Visiting Cards and Mourning Cards

I can remember as recently as 1994 on a trip to visit family in rural Italy, seeing posters on the sides of public buildings in the village announcing the death of a local resident. These posters had a black border around them. This is the memory that sprung to mind when my brother reminded me about the old tradition of leaving what are known as visiting cards.

Visiting cards were used during the Victorian and Edwardian periods. It was considered the polite thing to do when visiting someone’s house to leave a visiting card as you passed through the hallway on your way to the sitting room for your visit. If no one was home when you called, your visiting card was left with a servant.
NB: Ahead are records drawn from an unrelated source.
lemma Lambda_Appell_orthogonal_eq_affine_laguerre:
  assumes "a1 \<noteq> 0" and nz: "\<forall>n::nat. n \<ge> 1 \<longrightarrow> a0 + a1 * of_nat n \<noteq> 0"
    and A: "Lambda_Appell a0 a1 B" and O: "orthogonal_wrt v B"
  shows "\<exists>c. c \<noteq> 0 \<and> B = affine_transform c 0 (laguerre_poly (a0 / a1))"
proof -
  define \<alpha> where "\<alpha> = a0 / a1"
  define b1 where "b1 = coeff (B 1) 0"
  define c where "c = - (\<alpha> + 1) / b1"
  define S where "S = affine_transform c 0 (laguerre_poly \<alpha>)"
  have \<alpha>: "a0 = a1 * \<alpha>"
    using assms(1) by (simp add: \<alpha>_def)
  have "b1 \<noteq> 0" and b2: "2 * Lam_factor a0 a1 1 * coeff (B 2) 0 = Lam_factor a0 a1 2 * b1^2"
    using orthogonal_Lambda_Appell_constant_terms[OF nz assms(1) A O] by (simp_all add: b1_def)
  have "a0 + a1 * of_nat 1 = a1 * (\<alpha> + 1)"
    using \<alpha> by (simp add: algebra_simps)
  then have "\<alpha> + 1 \<noteq> 0"
    using nz by auto
  then have "c \<noteq> 0"
    using \<open>b1 \<noteq> 0\<close> unfolding c_def by (metis divide_eq_0_iff neg_equal_0_iff_equal)
  obtain u where "Lambda_Appell a0 a1 (laguerre_poly \<alpha>)" "orthogonal_wrt u (laguerre_poly \<alpha>)"
    using is_laguerre_Lambda_Appell_orthogonal[OF is_laguerre_laguerre_poly[OF nz \<alpha>] \<alpha>]
    by (auto simp: orthogonal_MPS_def)
  then have "Lambda_Appell a0 a1 S" "orthogonal_wrt (\<lambda>p. u (pcompose p [:0, inverse c:])) S"
    unfolding S_def using \<open>c \<noteq> 0\<close>
    by (simp_all add: Lambda_Appell_affine_transform_0 orthogonal_wrt_affine_transform_0)
  moreover have "coeff (S 1) 0 = b1"
    using \<open>\<alpha> + 1 \<noteq> 0\<close> unfolding S_def laguerre_affine_constant_terms c_def
    by (metis divide_divide_eq_right neg_equal_0_iff_equal nonzero_mult_div_cancel_left)
  moreover have "coeff (S 2) 0 = coeff (B 2) 0"
  proof -
    have "2 * (a1 * (\<alpha> + 1)) * coeff (B 2) 0 = 2 * (a1 * (\<alpha> + 2)) * b1^2"
      using b2 \<alpha> by (simp add: Lam_factor_def algebra_simps)
    then have "(\<alpha> + 1) * coeff (B 2) 0 = (\<alpha> + 2) * b1^2"
      using assms(1) by simp
    moreover have "c^2 = (\<alpha> + 1)^2 / b1^2"
      by (simp add: c_def power_divide power2_eq_square algebra_simps)
    ultimately show ?thesis
      using \<open>\<alpha> + 1 \<noteq> 0\<close> unfolding S_def laguerre_affine_constant_terms
      by (simp add: power2_eq_square divide_eq_eq mult.commute)
  qed
  ultimately have "B = S"
    using Lambda_Appell_orthogonal_unique[OF nz A] O by (simp add: b1_def)
  then show ?thesis
    using \<open>c \<noteq> 0\<close> by (auto simp: S_def \<alpha>_def)
qed

theorem proposition8:
  fixes a0 a1 :: complex
  assumes "a1 \<noteq> 0"
    and "\<forall>n::nat. n \<ge> 1 \<longrightarrow> a0 + a1 * of_nat n \<noteq> 0"
  shows "(\<exists>L. is_laguerre (a0 / a1) L)
    \<and> (\<forall>L. is_laguerre (a0 / a1) L \<longrightarrow> Lambda_Appell a0 a1 L \<and> orthogonal_MPS L)
    \<and> (\<forall>B. Lambda_Appell a0 a1 B \<and> orthogonal_MPS B \<longrightarrow>
          (\<exists>L c d. is_laguerre (a0 / a1) L \<and> c \<noteq> 0 \<and> B = affine_transform c d L))"
proof -
  have \<alpha>: "a0 = a1 * (a0 / a1)"
    using assms(1) by simp
  have "\<exists>c. c \<noteq> 0 \<and> B = affine_transform c 0 (laguerre_poly (a0 / a1))"
    if "Lambda_Appell a0 a1 B" "orthogonal_MPS B" for B
    using that Lambda_Appell_orthogonal_eq_affine_laguerre[OF assms]
    by (auto simp: orthogonal_MPS_def)
  then show ?thesis
    using is_laguerre_laguerre_poly[OF assms(2) \<alpha>] is_laguerre_Lambda_Appell_orthogonal[OF _ \<alpha>]
    by blast
qed

end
If you were in mourning after having lost a loved one, your visiting card depicted a black border around it as well as around the edges of your writing paper and envelopes. In some countries it was customary to depict a thick black border if the death of a loved one was recent and if it was a spouse. Thinner borders appeared when the death was that of a sibling, aunt, etc. The border would diminish in width over time, to signify the softening of the grief with the passage of time. It was customary to use mourning cards for two years after the death of a spouse.

Men’s mourning cards were always smaller than women’s and the black border was always narrower. Interesting. I would bet a man made up that part of the custom.

What people today call mourning cards are keepsakes given at funerals and memorials and are not really like their predecessors. They are paper sentiments that commemorate the life of the dearly departed.

I do like the idea of mourning cards as a therapeutic way to come to terms with a loss, but I can’t see the mourning card of the Elizabethan era finding new life (no pun intended) in the digital age. Can you imagine receiving a mourning e-card? Yick.